Mo Lin melambaikan tangan dengan semangat. "Selamat berkencan, Kak!"
Mo Xie hanya tertawa kecil sebelum melangkah keluar apartemen.
...
Mo Xie akhirnya tiba di kafe yang telah disepakati, sebuah tempat bernuansa klasik di Distrik Jingfeng. Ia memasuki kafe dan memilih meja di dekat jendela.
Mo Xie sebenarnya merasa sedikit tidak nyaman. Bukan karena suasana kafe, tetapi karena beberapa pengunjung meliriknya dengan penasaran. Mungkin karena penampilannya yang lebih rapi dari biasanya—Mo Lin benar, dia memang tampak berbeda.

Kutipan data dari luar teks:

lemma fixp_rescale:
  assumes "0 < \<gamma>" "0 < \<gamma>'"
  shows "norm (z + \<gamma>' *\<^sub>R A1 z - fixp \<gamma>') \<le> max 1 (\<gamma>' / \<gamma>) * norm (z + \<gamma> *\<^sub>R A1 z - fixp \<gamma>)"
proof -
  have "0 \<le> inner (z - zs) (A1 z - A1 zs)"
    using monotone_opD[of "graph_of A1" z "A1 z" zs "A1 zs"] A1_mono
    by (simp add: max_monotone_def graph_of_def)
  then show ?thesis
    using norm_add_scaleR_rescale[OF assms, of "z - zs" "A1 z - A1 zs"]
    by (simp add: algebra_simps)
qed

end

locale adaptive_dr_iteration = dr_problem A1 A2 L \<mu> zs
  for A1 :: "'a::{real_inner,complete_space} \<Rightarrow> 'a" and A2 L \<mu> zs +
  fixes \<gamma>min \<gamma>s :: real and \<gamma> :: "nat \<Rightarrow> real" and x z y w :: "nat \<Rightarrow> 'a"
  assumes \<gamma>min_pos: "0 < \<gamma>min" and \<gamma>_ge: "\<And>n. \<gamma>min \<le> \<gamma> n" and \<gamma>s_pos: "0 < \<gamma>s"
    and \<gamma>_conv: "R_linear_conv \<gamma> \<gamma>s"
    and z0: "z 0 = J1 (\<gamma> 0) (x 0)"
    and y_def: "\<And>n. y n = J2 (\<gamma> n) (2 *\<^sub>R z n - x n)"
    and w_def: "\<And>n. w n = x n - z n + y n"
    and z_Suc: "\<And>n. z (Suc n) = J1 (\<gamma> n) (w n)"
    and x_Suc: "\<And>n. x (Suc n) = (\<gamma> (Suc n) / \<gamma> n) *\<^sub>R w n + (1 - \<gamma> (Suc n) / \<gamma> n) *\<^sub>R z (Suc n)"
begin

lemma \<gamma>_pos: "0 < \<gamma> n"
  using \<gamma>min_pos \<gamma>_ge[of n] by linarith

lemma w_eq: "w n = z (Suc n) + \<gamma> n *\<^sub>R A1 (z (Suc n))"
  using z_Suc[of n, symmetric] \<gamma>_pos by (simp add: J1_eq_iff)

lemma x_eq: "x n = z n + \<gamma> n *\<^sub>R A1 (z n)"
proof (cases n)
  case 0
  then show ?thesis
    using z0[symmetric] \<gamma>_pos by (simp add: J1_eq_iff)
next
  case (Suc m)
  have "\<gamma> m \<noteq> 0"
    using \<gamma>_pos[of m] by simp
  then show ?thesis
    using x_Suc[of m] by (simp add: Suc w_eq algebra_simps)
qed

lemma J1_x_eq: "J1 (\<gamma> n) (x n) = z n"
  using x_eq \<gamma>_pos by (simp add: J1_eq_iff)

lemma w_eq_dr_operator: "w n = dr_operator (graph_of A1) A2 (\<gamma> n) (x n)"
  by (simp add: w_def y_def J1_x_eq dr_operator_def)

lemma z_y_bounds:
  "norm (z n - zs) \<le> norm (x n - fixp (\<gamma> n))" "norm (y n - zs) \<le> 2 * norm (x n - fixp (\<gamma> n))"
  using dr_step(2,3)[OF \<gamma>_pos[of n] mult_pos_pos[OF \<gamma>_pos[of n] \<mu>_pos] order_refl order_refl, where x = "x n"]
  by (simp_all add: y_def J1_x_eq)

Mo Xie menyandarkan punggungnya di kursi, menatap ke arah pintu masuk kafe sambil menunggu. Sesekali, dia merapikan rambutnya yang baru dipotong, meski sebenarnya tidak ada yang perlu dirapikan.

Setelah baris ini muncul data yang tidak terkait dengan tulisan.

(* Consider the system $\dot x(t)=f(x(t),u(t))$, $y(t)=h(x(t),u(t))$ with $x(t)\in X\subset\mathbb{R}^n$, $u(t)\in U\subset\mathbb{R}^m$, $y(t)\in Y\subset\mathbb{R}^m$, where trajectories remain in $X$ and $Y$, and let $\phi(t,t_0,x_0,u_{t_0:t})$ denote the state at time $t$ from state $x_0$ at time $t_0$ under input $u_{t_0:t}=\{u(\tau):\tau\in[t_0,t]\}$. Let $S:X\to\mathbb{R}_{\ge0}$ with $S(\mathbf{0})=0$ be a storage function, and for $t_1>t_0\ge0$, $x_0\in X$, $u_{t_0:t_1}\subset U$, with $y$ the resulting output and $x_1=\phi(t_1,t_0,x_0,u_{t_0:t_1})$, put $$\psi_\gamma=\frac{\int_{t_0}^{t_1}y^\mathsf{T}y\,dt+(S(x_1)-S(x_0))}{\int_{t_0}^{t_1}u^\mathsf{T}u\,dt},\quad \psi_\nu=\frac{\int_{t_0}^{t_1}u^\mathsf{T}y\,dt-(S(x_1)-S(x_0))}{\int_{t_0}^{t_1}u^\mathsf{T}u\,dt},\quad \psi_\rho=\frac{\int_{t_0}^{t_1}u^\mathsf{T}y\,dt-(S(x_1)-S(x_0))}{\int_{t_0}^{t_1}y^\mathsf{T}y\,dt},$$ defined whenever the denominator is nonzero, and let $\gamma_*^2=\max\psi_\gamma$, $\nu_*=\min\psi_\nu$, $\rho_*=\min\psi_\rho$ over all such $(t_1,t_0,x_0,u_{t_0:t_1})$ with nonzero denominator. Suppose a given input-output profile $(u(t),y(t))$, $t\in[t_o,t_f)$, with state trajectory $x(t)$, satisfies $|\tfrac{d}{dt}S(x(t))|\le K_s$ for all $t\in[t_o,t_f)$, for a known constant $K_s$. For $[t_0,t_1)\subseteq[t_o,t_f)$ define $$\hat\psi_\gamma(t_0,t_1)=\frac{\int_{t_0}^{t_1}y^\mathsf{T}y\,dt-K_s(t_1-t_0)}{\int_{t_0}^{t_1}u^\mathsf{T}u\,dt},\ \hat\psi_\nu(t_0,t_1)=\frac{\int_{t_0}^{t_1}u^\mathsf{T}y\,dt+K_s(t_1-t_0)}{\int_{t_0}^{t_1}u^\mathsf{T}u\,dt},\ \hat\psi_\rho(t_0,t_1)=\frac{\int_{t_0}^{t_1}u^\mathsf{T}y\,dt+K_s(t_1-t_0)}{\int_{t_0}^{t_1}y^\mathsf{T}y\,dt},$$ and let $\hat\gamma_*^2=\max\hat\psi_\gamma$, $\hat\nu_*=\min\hat\psi_\nu$, $\hat\rho_*=\min\hat\psi_\rho$, each over the intervals $[t_0,t_1)\subseteq[t_o,t_f)$, $t_0<t_1$, on which the respective denominator is nonzero. Then $\hat\gamma_*^2\le\gamma_*^2$, $\hat\nu_*\ge\nu_*$ and $\hat\rho_*\ge\rho_*$.
   Context: The quantities $\gamma_*^2,\nu_*,\rho_*$ are the paper's optimal $\mathcal{L}_2$-gain, input feedforward passivity and output feedback passivity indices, expressed through the fractional functions above. *)

theory Defs
  imports "HOL-Analysis.Analysis"
begin

text \<open>Then x t0 = x0 and x t1 = phi(t1,t0,x0,u).\<close>

definition is_traj ::
  "(real^'n \<Rightarrow> real^'m \<Rightarrow> real^'n) \<Rightarrow> (real^'n \<Rightarrow> real^'m \<Rightarrow> real^'m) \<Rightarrow>
   (real^'n) set \<Rightarrow> (real^'m) set \<Rightarrow> (real^'m) set \<Rightarrow> real \<Rightarrow> real \<Rightarrow>
   (real \<Rightarrow> real^'n) \<Rightarrow> (real \<Rightarrow> real^'m) \<Rightarrow> bool" where
  "is_traj f h X U Y t0 t1 x u \<longleftrightarrow> 0 \<le> t0 \<and> t0 < t1 \<and>
     (\<forall>t\<in>{t0..t1}. (x has_vector_derivative f (x t) (u t)) (at t within {t0..t1})
        \<and> x t \<in> X \<and> u t \<in> U \<and> h (x t) (u t) \<in> Y)"

definition int_yy :: "(real^'n \<Rightarrow> real^'m \<Rightarrow> real^'m) \<Rightarrow> (real \<Rightarrow> real^'n) \<Rightarrow> (real \<Rightarrow> real^'m) \<Rightarrow> real \<Rightarrow> real \<Rightarrow> real" where
  "int_yy h x u t0 t1 = integral {t0..t1} (\<lambda>t. h (x t) (u t) \<bullet> h (x t) (u t))"

definition int_uy :: "(real^'n \<Rightarrow> real^'m \<Rightarrow> real^'m) \<Rightarrow> (real \<Rightarrow> real^'n) \<Rightarrow> (real \<Rightarrow> real^'m) \<Rightarrow> real \<Rightarrow> real \<Rightarrow> real" where
  "int_uy h x u t0 t1 = integral {t0..t1} (\<lambda>t. u t \<bullet> h (x t) (u t))"

definition int_uu :: "(real \<Rightarrow> real^'m) \<Rightarrow> real \<Rightarrow> real \<Rightarrow> real" where
  "int_uu u t0 t1 = integral {t0..t1} (\<lambda>t. u t \<bullet> u t)"

definition psi_gamma_vals where
  "psi_gamma_vals f h X U Y S =
    {(int_yy h x u t0 t1 + (S (x t1) - S (x t0))) / int_uu u t0 t1 | t0 t1 x u.
       is_traj f h X U Y t0 t1 x u \<and> int_uu u t0 t1 \<noteq> 0}"

definition psi_nu_vals where
  "psi_nu_vals f h X U Y S =
    {(int_uy h x u t0 t1 - (S (x t1) - S (x t0))) / int_uu u t0 t1 | t0 t1 x u.
       is_traj f h X U Y t0 t1 x u \<and> int_uu u t0 t1 \<noteq> 0}"

definition psi_rho_vals where
  "psi_rho_vals f h X U Y S =
    {(int_uy h x u t0 t1 - (S (x t1) - S (x t0))) / int_yy h x u t0 t1 | t0 t1 x u.
       is_traj f h X U Y t0 t1 x u \<and> int_yy h x u t0 t1 \<noteq> 0}"

definition hat_gamma_vals where
  "hat_gamma_vals h Ks to tf x u =
    {(int_yy h x u t0 t1 - Ks * (t1 - t0)) / int_uu u t0 t1 | t0 t1.
       to \<le> t0 \<and> t0 < t1 \<and> t1 \<le> tf \<and> int_uu u t0 t1 \<noteq> 0}"

definition hat_nu_vals where
  "hat_nu_vals h Ks to tf x u =
    {(int_uy h x u t0 t1 + Ks * (t1 - t0)) / int_uu u t0 t1 | t0 t1.
       to \<le> t0 \<and> t0 < t1 \<and> t1 \<le> tf \<and> int_uu u t0 t1 \<noteq> 0}"

definition hat_rho_vals where
  "hat_rho_vals h Ks to tf x u =
    {(int_uy h x u t0 t1 + Ks * (t1 - t0)) / int_yy h x u t0 t1 | t0 t1.
       to \<le> t0 \<and> t0 < t1 \<and> t1 \<le> tf \<and> int_yy h x u t0 t1 \<noteq> 0}"

definition is_max_of :: "real set \<Rightarrow> real \<Rightarrow> bool" where
  "is_max_of A m \<longleftrightarrow> m \<in> A \<and> (\<forall>a\<in>A. a \<le> m)"
definition is_min_of :: "real set \<Rightarrow> real \<Rightarrow> bool" where
  "is_min_of A m \<longleftrightarrow> m \<in> A \<and> (\<forall>a\<in>A. m \<le> a)"

end

theory Submission
  imports Defs
begin

text \<open>Every subinterval \<open>[t0,t1]\<close> of the profile is itself an admissible experiment, and by the
  mean value theorem its storage increment \<open>S (x t1) - S (x t0)\<close> has absolute value at most
  \<open>Ks * (t1 - t0)\<close>. Replacing the increment by this worst case can only decrease
  \<open>\<psi>\<^sub>\<gamma>\<close> and increase \<open>\<psi>\<^sub>\<nu>\<close>, \<open>\<psi>\<^sub>\<rho>\<close>, since their denominators are integrals of squares and
  hence positive once nonzero. So every data-driven value is dominated by a model value, and the
  extrema compare accordingly.\<close>

lemma abs_increment_le_derivative_bound:
  fixes g g' :: "real \<Rightarrow> real"
  assumes "a < b" and "continuous_on {a..b} g"
    and "\<And>t. a < t \<Longrightarrow> t < b \<Longrightarrow> (g has_real_derivative g' t) (at t)"
    and "\<And>t. a < t \<Longrightarrow> t < b \<Longrightarrow> \<bar>g' t\<bar> \<le> K"
  shows "\<bar>g b - g a\<bar> \<le> K * (b - a)"
proof -
  obtain l z where z: "a < z" "z < b" "(g has_real_derivative l) (at z)" "g b - g a = (b - a) * l"
    using MVT[OF assms(1,2)] assms(3) real_differentiable_def by blast
  have "l = g' z" using z(3) assms(3)[OF z(1,2)] DERIV_unique by blast
  then have "\<bar>g b - g a\<bar> = (b - a) * \<bar>g' z\<bar>" using z(4) assms(1) by (simp add: abs_mult)
  also have "\<dots> \<le> (b - a) * K" using assms(1,4) z(1,2) by (intro mult_left_mono) auto
  finally show ?thesis by (simp add: mult.commute)
qed

lemma abs_increment_le_on_subinterval:
  fixes g D :: "real \<Rightarrow> real"
  assumes deriv: "\<forall>t\<in>{to..<tf}. (g has_real_derivative D t) (at t within {to..tf}) \<and> \<bar>D t\<bar> \<le> K"
    and cont: "continuous_on {to..tf} g"
    and "to \<le> t0" "t0 < t1" "t1 \<le> tf"
  shows "\<bar>g t1 - g t0\<bar> \<le> K * (t1 - t0)"
proof (rule abs_increment_le_derivative_bound)
  show "continuous_on {t0..t1} g"
    using assms(3-5) by (intro continuous_on_subset[OF cont]) auto
  fix t assume "t0 < t" "t < t1"
  then have "to < t" "t < tf" using assms(3-5) by auto
  then have "t \<in> {to..<tf}" and "at t within {to..tf} = at t"
    by (auto simp: at_within_Icc_at)
  then show "(g has_real_derivative D t) (at t)" "\<bar>D t\<bar> \<le> K"
    using deriv by metis+
qed fact

lemma is_traj_subinterval:
  assumes "is_traj f h X U Y to tf x u" "to \<le> t0" "t0 < t1" "t1 \<le> tf"
  shows "is_traj f h X U Y t0 t1 x u"
proof -
  have sub: "{t0..t1} \<subseteq> {to..tf}" using assms(2-4) by auto
  with assms show ?thesis
    unfolding is_traj_def by (auto intro: has_vector_derivative_within_subset[OF _ sub])
qed

lemma integral_pos_if_nonneg_nonzero:
  fixes F :: "'a::euclidean_space \<Rightarrow> real"
  assumes "\<And>t. 0 \<le> F t" "integral S F \<noteq> 0"
  shows "0 < integral S F"
proof (cases "F integrable_on S")
  case True
  then have "0 \<le> integral S F" using assms(1) by (rule integral_nonneg)
  with assms(2) show ?thesis by simp
qed (use assms(2) not_integrable_integral in auto)

lemma is_max_of_le_if_dominated:
  assumes "is_max_of A m" "is_max_of B m'" "\<And>b. b \<in> B \<Longrightarrow> \<exists>a\<in>A. b \<le> a"
  shows "m' \<le> m"
  using assms unfolding is_max_of_def by (meson order_trans)

lemma is_min_of_le_if_dominated:
  assumes "is_min_of A m" "is_min_of B m'" "\<And>b. b \<in> B \<Longrightarrow> \<exists>a\<in>A. a \<le> b"
  shows "m \<le> m'"
  using assms unfolding is_min_of_def by (meson order_trans)

context
  fixes f h X U Y S x u Ks to tf
  assumes profile: "is_traj f h X U Y to tf x u"
    and storage_increment:
      "\<And>t0 t1. to \<le> t0 \<Longrightarrow> t0 < t1 \<Longrightarrow> t1 \<le> tf \<Longrightarrow> \<bar>S (x t1) - S (x t0)\<bar> \<le> Ks * (t1 - t0)"
begin

lemma hat_gamma_dominated:
  assumes "a \<in> hat_gamma_vals h Ks to tf x u"
  shows "\<exists>b\<in>psi_gamma_vals f h X U Y S. a \<le> b"
proof -
  obtain t0 t1 where a: "a = (int_yy h x u t0 t1 - Ks * (t1 - t0)) / int_uu u t0 t1"
    and t: "to \<le> t0" "t0 < t1" "t1 \<le> tf" and nz: "int_uu u t0 t1 \<noteq> 0"
    using assms unfolding hat_gamma_vals_def by blast
  have "0 < int_uu u t0 t1"
    using nz unfolding int_uu_def by (intro integral_pos_if_nonneg_nonzero) auto
  then have "a \<le> (int_yy h x u t0 t1 + (S (x t1) - S (x t0))) / int_uu u t0 t1"
    unfolding a using storage_increment[OF t] by (intro divide_right_mono) auto
  moreover have "\<dots> \<in> psi_gamma_vals f h X U Y S"
    unfolding psi_gamma_vals_def using is_traj_subinterval[OF profile t] nz by blast
  ultimately show ?thesis by blast
qed

lemma hat_nu_dominated:
  assumes "a \<in> hat_nu_vals h Ks to tf x u"
  shows "\<exists>b\<in>psi_nu_vals f h X U Y S. b \<le> a"
proof -
  obtain t0 t1 where a: "a = (int_uy h x u t0 t1 + Ks * (t1 - t0)) / int_uu u t0 t1"
    and t: "to \<le> t0" "t0 < t1" "t1 \<le> tf" and nz: "int_uu u t0 t1 \<noteq> 0"
    using assms unfolding hat_nu_vals_def by blast
  have "0 < int_uu u t0 t1"
    using nz unfolding int_uu_def by (intro integral_pos_if_nonneg_nonzero) auto
  then have "(int_uy h x u t0 t1 - (S (x t1) - S (x t0))) / int_uu u t0 t1 \<le> a"
    unfolding a using storage_increment[OF t] by (intro divide_right_mono) auto
  moreover have "(int_uy h x u t0 t1 - (S (x t1) - S (x t0))) / int_uu u t0 t1
      \<in> psi_nu_vals f h X U Y S"
    unfolding psi_nu_vals_def using is_traj_subinterval[OF profile t] nz by blast
  ultimately show ?thesis by blast
qed

lemma hat_rho_dominated:
  assumes "a \<in> hat_rho_vals h Ks to tf x u"
  shows "\<exists>b\<in>psi_rho_vals f h X U Y S. b \<le> a"
proof -
  obtain t0 t1 where a: "a = (int_uy h x u t0 t1 + Ks * (t1 - t0)) / int_yy h x u t0 t1"
    and t: "to \<le> t0" "t0 < t1" "t1 \<le> tf" and nz: "int_yy h x u t0 t1 \<noteq> 0"
    using assms unfolding hat_rho_vals_def by blast
  have "0 < int_yy h x u t0 t1"
    using nz unfolding int_yy_def by (intro integral_pos_if_nonneg_nonzero) auto
  then have "(int_uy h x u t0 t1 - (S (x t1) - S (x t0))) / int_yy h x u t0 t1 \<le> a"
    unfolding a using storage_increment[OF t] by (intro divide_right_mono) auto
  moreover have "(int_uy h x u t0 t1 - (S (x t1) - S (x t0))) / int_yy h x u t0 t1
      \<in> psi_rho_vals f h X U Y S"
    unfolding psi_rho_vals_def using is_traj_subinterval[OF profile t] nz by blast
  ultimately show ?thesis by blast
qed

end

theorem lemma2:
  fixes f :: "real^'n \<Rightarrow> real^'m \<Rightarrow> real^'n"
    and h :: "real^'n \<Rightarrow> real^'m \<Rightarrow> real^'m"
    and X :: "(real^'n) set" and U Y :: "(real^'m) set"
    and S :: "real^'n \<Rightarrow> real"
    and x :: "real \<Rightarrow> real^'n" and u :: "real \<Rightarrow> real^'m"
    and D :: "real \<Rightarrow> real"
    and Ks to tf g2 nu rho hg2 hnu hrho :: real
  assumes S_nonneg: "\<forall>z\<in>X. 0 \<le> S z"
    and zero_X: "0 \<in> X" and S_zero: "S 0 = 0"
    and profile: "is_traj f h X U Y to tf x u"
    and dS: "\<forall>t\<in>{to..<tf}. ((\<lambda>s. S (x s)) has_real_derivative D t) (at t within {to..tf}) \<and> \<bar>D t\<bar> \<le> Ks"
    and S_cont: "continuous_on {to..tf} (\<lambda>s. S (x s))"
  shows "(is_max_of (psi_gamma_vals f h X U Y S) g2 \<and> is_max_of (hat_gamma_vals h Ks to tf x u) hg2 \<longrightarrow> hg2 \<le> g2)
       \<and> (is_min_of (psi_nu_vals f h X U Y S) nu \<and> is_min_of (hat_nu_vals h Ks to tf x u) hnu \<longrightarrow> nu \<le> hnu)
       \<and> (is_min_of (psi_rho_vals f h X U Y S) rho \<and> is_min_of (hat_rho_vals h Ks to tf x u) hrho \<longrightarrow> rho \<le> hrho)"
proof -
  have increment: "\<bar>S (x t1) - S (x t0)\<bar> \<le> Ks * (t1 - t0)"
    if "to \<le> t0" "t0 < t1" "t1 \<le> tf" for t0 t1
    using abs_increment_le_on_subinterval[OF dS S_cont that] .
  show ?thesis
    using is_max_of_le_if_dominated[OF _ _ hat_gamma_dominated[OF profile increment]]
      is_min_of_le_if_dominated[OF _ _ hat_nu_dominated[OF profile increment]]
      is_min_of_le_if_dominated[OF _ _ hat_rho_dominated[OF profile increment]]
    by blast
qed

end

Waktu berlalu. Setiap kali pintu terbuka, dia melirik, mengira itu Lin Xiaoyu. Tapi tidak.
Jam terus berdetak.
Para pelanggan datang dan pergi, sementara dia tetap di tempatnya, sendirian. Pelayan kafe yang awalnya hanya sekadar melirik, kini mulai menunjukkan ekspresi aneh.
Hingga akhirnya, seorang pelayan wanita menghampirinya.
"Maaf, Tuan. Kami akan segera tutup," katanya dengan sopan.
Mo Xie menatap jam di dinding—sudah pukul 9 malam.
Dia menghela napas pelan, lalu berdiri dan mengambil jaketnya. "Baik, terima kasih."
Saat dia keluar dari kafe, udara malam terasa lebih dingin dari biasanya. Kota masih hidup, lampu-lampu jalan menyala terang, dan kendaraan melintas di kejauhan.
Namun, pikirannya terus dipenuhi oleh Lin Xiaoyu.
'Kenapa dia tidak datang?'
Mo Xie bukan tipe orang yang mudah tersinggung atau kecewa, tapi ada sesuatu yang mengganjal dalam perasaannya.
Apakah dia lupa?
Atau ada sesuatu yang terjadi?
Saat dia berjalan melewati jembatan gantung yang menghubungkan dua distrik, langkahnya terhenti.
Di sana, di tengah jembatan, berdiri seseorang yang familiar.
Lin Xiaoyu.
Namun, penampilannya jauh dari biasanya.
Gaun indah yang dikenakannya tampak compang-camping, ada noda kotoran di beberapa bagian. Rambutnya yang biasanya rapi kini berantakan, dan lebih buruk lagi—ada lebam di pipinya.
Mo Xie menatapnya tajam. Seketika, perasaan gelisah yang tadi hanya samar, berubah menjadi kecurigaan yang kuat.
Lin Xiaoyu menunduk, tidak menyadari keberadaan Mo Xie hingga dia mendekat.
"Xiaoyu."
Gadis itu tersentak dan menoleh. Saat melihat Mo Xie, matanya melebar sedikit—antara terkejut dan... sesuatu yang lain.
Mo Xie tidak mengatakan apa-apa untuk sesaat. Dia hanya menatap Lin Xiaoyu, memperhatikan setiap luka dan ekspresi wajahnya.
Lalu, dengan suara yang lebih pelan, dia bertanya: "Apa yang terjadi padamu?"